The human brain is a complex system of neural tissue that varies significantly between individuals. Although the technology that delineates these neural pathways does not currently exist, medical imaging modalities, such as diffusion magnetic resonance imaging (dMRI), can be leveraged for mathematical identification. The purpose of this work is to develop a novel method employing machine learning techniques to determine intravoxel nerve number and direction from dMRI data. The method was tested on multiple synthetic datasets and showed promising estimation accuracy and robustness for multi-nerve systems under a variety of conditions, including highly noisy data and imprecision in parameter assumptions.


The human brain is primarily composed of neural tissue, which is responsible for receiving and relaying electrical impulses for a variety of purposes. Neuronal cells (neurons) have three primary components: a cell body which contains all of its organelles, the signal input structures (dendrites), and the signal output structures (axons). Typically, dendrites are much shorter projections than axons. Dendrites and cell bodies are located on the outer edges of the brain and are collectively called grey matter.
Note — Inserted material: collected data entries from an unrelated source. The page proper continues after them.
lemma Bphi_absolutely_integrable_Dphi_eq:
  fixes \<phi> :: "real \<times> real \<Rightarrow> real"
  assumes "a < b" "open U" "C2_on U \<phi>"
    and Euler: "\<forall>u v. (u, v) \<in> U \<longrightarrow> \<phi> (u, v) = u * phi_u \<phi> (u, v) + v * phi_v \<phi> (u, v)"
    and pC: "C2_fun_on (ointerval a b) p p1 p2" and qC: "C2_fun_on (ointerval a b) q q1 q2"
    and qU: "\<forall>x\<in>ointerval a b. (q x, q1 x) \<in> U"
    and hyps: "pair_hyps \<phi> a b p p1 q q1"
  shows "Bphi \<phi> p p1 q q1 absolutely_integrable_on ointerval a b"
    and "Dphi \<phi> (ointerval a b) p p1 q q1
           = integral (ointerval a b) (\<lambda>x. \<phi> (p x, p1 x))
             + integral (ointerval a b) (\<lambda>x. p x * Sphi \<phi> q q1 x)"
proof -
  define I where "I = ointerval a b"
  define A where "A = (\<lambda>x. \<phi> (p x, p1 x))"
  define B\<^sub>u where "B\<^sub>u = (\<lambda>x. p x * phi_u \<phi> (q x, q1 x))"
  define B\<^sub>v where "B\<^sub>v = (\<lambda>x. p1 x * phi_v \<phi> (q x, q1 x))"
  have int_A: "A absolutely_integrable_on I" and int_u: "B\<^sub>u absolutely_integrable_on I"
    and int_v: "B\<^sub>v absolutely_integrable_on I"
    using hyps unfolding pair_hyps_def A_def B\<^sub>u_def B\<^sub>v_def I_def by auto
  have Bphi_eq: "Bphi \<phi> p p1 q q1 x = A x - B\<^sub>u x - B\<^sub>v x" if "x \<in> I" for x
    using Euler qU that unfolding Bphi_def A_def B\<^sub>u_def B\<^sub>v_def I_def
    by (auto simp: algebra_simps)
  have "(\<lambda>x. A x - B\<^sub>u x - B\<^sub>v x) absolutely_integrable_on I"
    using int_A int_u int_v by (intro set_integral_diff(1)) auto
  then show "Bphi \<phi> p p1 q q1 absolutely_integrable_on ointerval a b"
    unfolding I_def[symmetric]
    by (rule absolutely_integrable_spike[of _ _ "{}"]) (auto simp: Bphi_eq)
  have "Dphi \<phi> I p p1 q q1 = integral I (\<lambda>x. A x - B\<^sub>u x - B\<^sub>v x)"
    unfolding Dphi_def by (rule integral_cong) (simp add: Bphi_eq)
  also have "\<dots> = integral I A - integral I B\<^sub>u - integral I B\<^sub>v"
    using int_A int_u int_v unfolding absolutely_integrable_on_def
    by (simp add: integral_diff integrable_diff)
  also have "\<dots> = integral I A + integral I (\<lambda>x. p x * Sphi \<phi> q q1 x)"
    using integral_p_Sphi_by_parts[OF assms(1-3), of p p1 q q1 q2] pC qC qU hyps
    unfolding I_def B\<^sub>u_def B\<^sub>v_def C2_fun_on_def pair_hyps_def by simp
  finally show "Dphi \<phi> (ointerval a b) p p1 q q1
      = integral (ointerval a b) (\<lambda>x. \<phi> (p x, p1 x))
        + integral (ointerval a b) (\<lambda>x. p x * Sphi \<phi> q q1 x)"
    by (simp add: I_def A_def)
qed

lemma Dphi_nonneg:
  assumes "convex U" "open U" "convex_on U \<phi>"
    and "\<forall>x\<in>I. (p x, p1 x) \<in> U \<and> (q x, q1 x) \<in> U"
    and "\<forall>x\<in>I. \<phi> differentiable (at (q x, q1 x))"
    and "Bphi \<phi> p p1 q q1 integrable_on I"
  shows "0 \<le> Dphi \<phi> I p p1 q q1"
  unfolding Dphi_def using assms by (intro integral_nonneg Bphi_nonneg[OF assms(1-3)]) auto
Axons, referred to as white matter, tend to be interior to grey matter [1].

The brain exhibits functional specialization, causing axons to traverse the brain from one functional group to another, relaying information. As this information frequently requires more than one axon to relay the complete signal, many axons are grouped together in fiber tracts known as nerves [2]. Nerves within the body are easily distinguishable due to their length and separation from other neural tissue. However, the sheer amount of neuropil that cross and intertwine within the white matter makes it extremely difficult to uniquely isolate and identify individual nerves and their paths within the brain. Adding to this complexity, neural pathfinding is not so highly correlated from one brain to the next; moreover, it would be difficult to get a clear picture of any one person’s brain by analyzing another’s [3]. Although the exact technology that delineates these neural pathways does not exist at this time, current medical imaging modalities, such as dMRI, can be leveraged for this purpose.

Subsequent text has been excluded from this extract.